With confidence, as a player, I can attribute my interest towards video games to how they made me feel as a child: their extending my capabilities for experiencing worlds, interacting with them and refashioning my ‘self’ within them. Since Summer Games on the Commodore 64, they take me beyond what is merely ‘actual’, into what is virtually ‘possible’.

My interest in video games as a developer sparked, I believe, from the same reason. I understood that interactive, virtual worlds offered expressive possibilities which transcended traditional media. Framing my visions and my messages through them, I try to engage and temporarily ‘dislodge’ players from the world in the same way video games originally made me feel.

Can you tell us about the creation process of Tony Tough games? What challenges did you face during the process?

There is very little to say, I am afraid. We simply were a group of passionate young males of nearly twenty years of age who got together and stuck together to make Tony Tough happen. We worked hard and long to develop a rather big game from scratch. It was the first game that we tried to develop after having merged two small and relatively inexperienced Italian independent teams. The biggest challenges were, comprehensibly, organizational and logistical. From the point of view of content design, the character of Tony Tough was roughly based around my literature teacher at high school, while the plot of the game is a bizarre, playful take on Dante’s Divine Comedy.

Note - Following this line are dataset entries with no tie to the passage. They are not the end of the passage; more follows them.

lemma std_brownian_motion_step_isometry:
  fixes c :: "nat \<Rightarrow> real"
  assumes BM: "std_brownian_motion M W"
    and \<tau>: "0 \<le> \<tau> 0" "\<And>k. k < m \<Longrightarrow> \<tau> k < \<tau> (Suc k)"
  defines "S \<omega> \<equiv> \<Sum>k<m. c k * (W (\<tau> (Suc k)) \<omega> - W (\<tau> k) \<omega>)"
  shows "integrable M (\<lambda>\<omega>. (S \<omega>)\<^sup>2)"
    and "(\<integral>\<omega>. (S \<omega>)\<^sup>2 \<partial>M) = (\<Sum>k<m. (c k)\<^sup>2 * (\<tau> (Suc k) - \<tau> k))"
proof -
  define D where "D k \<omega> = W (\<tau> (Suc k)) \<omega> - W (\<tau> k) \<omega>" for k \<omega>
  have products: "integrable M (\<lambda>\<omega>. D i \<omega> * D j \<omega>)"
      "(\<integral>\<omega>. D i \<omega> * D j \<omega> \<partial>M) = (if i = j then \<tau> (Suc i) - \<tau> i else 0)"
    if "i < m" "j < m" for i j
    unfolding D_def
    by (rule std_brownian_motion_increment_products[where \<tau> = \<tau>, OF BM \<tau>(1) _ that];
        use \<tau>(2) in simp)+
  have sq: "(S \<omega>)\<^sup>2 = (\<Sum>i<m. \<Sum>j<m. c i * c j * (D i \<omega> * D j \<omega>))" for \<omega>
    unfolding S_def D_def power2_eq_square sum_product by (simp add: mult_ac)
  have int: "integrable M (\<lambda>\<omega>. c i * c j * (D i \<omega> * D j \<omega>))" if "i < m" "j < m" for i j
    using products(1)[OF that] by simp
  show "integrable M (\<lambda>\<omega>. (S \<omega>)\<^sup>2)"
    unfolding sq by (intro Bochner_Integration.integrable_sum int) auto
  have "(\<integral>\<omega>. (S \<omega>)\<^sup>2 \<partial>M) = (\<Sum>i<m. \<integral>\<omega>. (\<Sum>j<m. c i * c j * (D i \<omega> * D j \<omega>)) \<partial>M)"
    unfolding sq by (rule Bochner_Integration.integral_sum) (auto intro!: int)
  also have "\<dots> = (\<Sum>i<m. \<Sum>j<m. c i * c j * (\<integral>\<omega>. D i \<omega> * D j \<omega> \<partial>M))"
    by (intro sum.cong refl, subst Bochner_Integration.integral_sum) (auto intro: int simp: products(1))
  also have "\<dots> = (\<Sum>i<m. \<Sum>j<m. if j = i then (c i)\<^sup>2 * (\<tau> (Suc i) - \<tau> i) else 0)"
    by (intro sum.cong refl) (auto simp: products(2) power2_eq_square)
  finally show "(\<integral>\<omega>. (S \<omega>)\<^sup>2 \<partial>M) = (\<Sum>k<m. (c k)\<^sup>2 * (\<tau> (Suc k) - \<tau> k))"
    by (simp add: sum.delta)
qed

lemma wiener_sum_second_moment_le:
  assumes BM: "std_brownian_motion M W" and t: "0 \<le> t"
    and f: "\<And>s. s \<in> {0..t} \<Longrightarrow> \<bar>f s\<bar> \<le> L"
  shows "integrable M (\<lambda>\<omega>. (wiener_sum W t f m \<omega>)\<^sup>2)"
    and "(\<integral>\<omega>. (wiener_sum W t f m \<omega>)\<^sup>2 \<partial>M) \<le> L\<^sup>2 * t"
proof -
  interpret prob_space M using BM unfolding std_brownian_motion_def by blast
  have "integrable M (\<lambda>\<omega>. (wiener_sum W t f m \<omega>)\<^sup>2) \<and>
      (\<integral>\<omega>. (wiener_sum W t f m \<omega>)\<^sup>2 \<partial>M) \<le> L\<^sup>2 * t"
  proof (cases "m = 0 \<or> t = 0")
    case True
    then show ?thesis using t by (auto simp: wiener_sum_def)
  next
    case False
    define \<tau> where "\<tau> k = t * real k / real m" for k
    have \<tau>: "0 \<le> \<tau> 0" "\<And>k. \<tau> k < \<tau> (Suc k)"
      using False t by (auto simp: \<tau>_def field_simps)
    have eq: "wiener_sum W t f m = (\<lambda>\<omega>. \<Sum>k<m. f (\<tau> k) * (W (\<tau> (Suc k)) \<omega> - W (\<tau> k) \<omega>))"
      by (simp add: wiener_sum_def \<tau>_def fun_eq_iff)
    have isometry:
      "integrable M (\<lambda>\<omega>. (\<Sum>k<m. f (\<tau> k) * (W (\<tau> (Suc k)) \<omega> - W (\<tau> k) \<omega>))\<^sup>2)"
      "(\<integral>\<omega>. (\<Sum>k<m. f (\<tau> k) * (W (\<tau> (Suc k)) \<omega> - W (\<tau> k) \<omega>))\<^sup>2 \<partial>M)
         = (\<Sum>k<m. (f (\<tau> k))\<^sup>2 * (\<tau> (Suc k) - \<tau> k))"
      by (rule std_brownian_motion_step_isometry[where \<tau> = \<tau>, OF BM \<tau>(1)]; use \<tau>(2) in simp)+
    have "(\<Sum>k<m. (f (\<tau> k))\<^sup>2 * (\<tau> (Suc k) - \<tau> k)) \<le> (\<Sum>k<m. L\<^sup>2 * (t / m))"
    proof (rule sum_mono)
      fix k assume "k \<in> {..<m}"
      then have "\<bar>f (\<tau> k)\<bar> \<le> L"
        using f False t by (auto simp: \<tau>_def field_simps intro!: mult_left_le)
      then have "(f (\<tau> k))\<^sup>2 \<le> L\<^sup>2"
        by (metis abs_ge_zero order_trans power2_abs power_mono)
      moreover have "\<tau> (Suc k) - \<tau> k = t / m"
        by (simp add: \<tau>_def diff_divide_distrib[symmetric] algebra_simps)
      ultimately show "(f (\<tau> k))\<^sup>2 * (\<tau> (Suc k) - \<tau> k) \<le> L\<^sup>2 * (t / m)"
        using t by (simp add: mult_right_mono divide_right_mono)
    qed
    also have "\<dots> = L\<^sup>2 * t" using False by simp
    finally show ?thesis unfolding eq using isometry by argo
  qed
  then show "integrable M (\<lambda>\<omega>. (wiener_sum W t f m \<omega>)\<^sup>2)"
    and "(\<integral>\<omega>. (wiener_sum W t f m \<omega>)\<^sup>2 \<partial>M) \<le> L\<^sup>2 * t"
    by auto
qed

Out of the games you developed, which game is your favorite? Why?

As their father, so to speak, it is my contractual duty to state that I love them all equally. Haha!

Having to pick only one, my choice would be the iPad action-puzzle video game Gua-Le-Ni; or The Horrendous Parade. I believe this is the case because we decided to develop out of love for game design and on a solid base of friendship and trust among all the people participating. Diego, Marcello, Martin, Paolo, Davide, Oliver, Samir and the Reverend Hugo Tissington… They all put their time and their fine skills at the service of a vision and made it better, made it their own. Personally, I love Gua-Le-Ni because it is quirky, full of secrets and is a tangible expression of the philosophical approach to game design (or the game-design approach to philosophy) that I pursue. Besides, the game draws inspiration from my childhood and makes it an even more personal, intimate project for me.

How did your past experiences help you in creating Gua-Le-Ni; or, The Horrendous Parade?

Omnia disce. Videbis postea nihil esse superfluum. Coartata scientia iucunda non est. (Didascalion, VI, 3)

Why did you decide to use biometric experiments on your game?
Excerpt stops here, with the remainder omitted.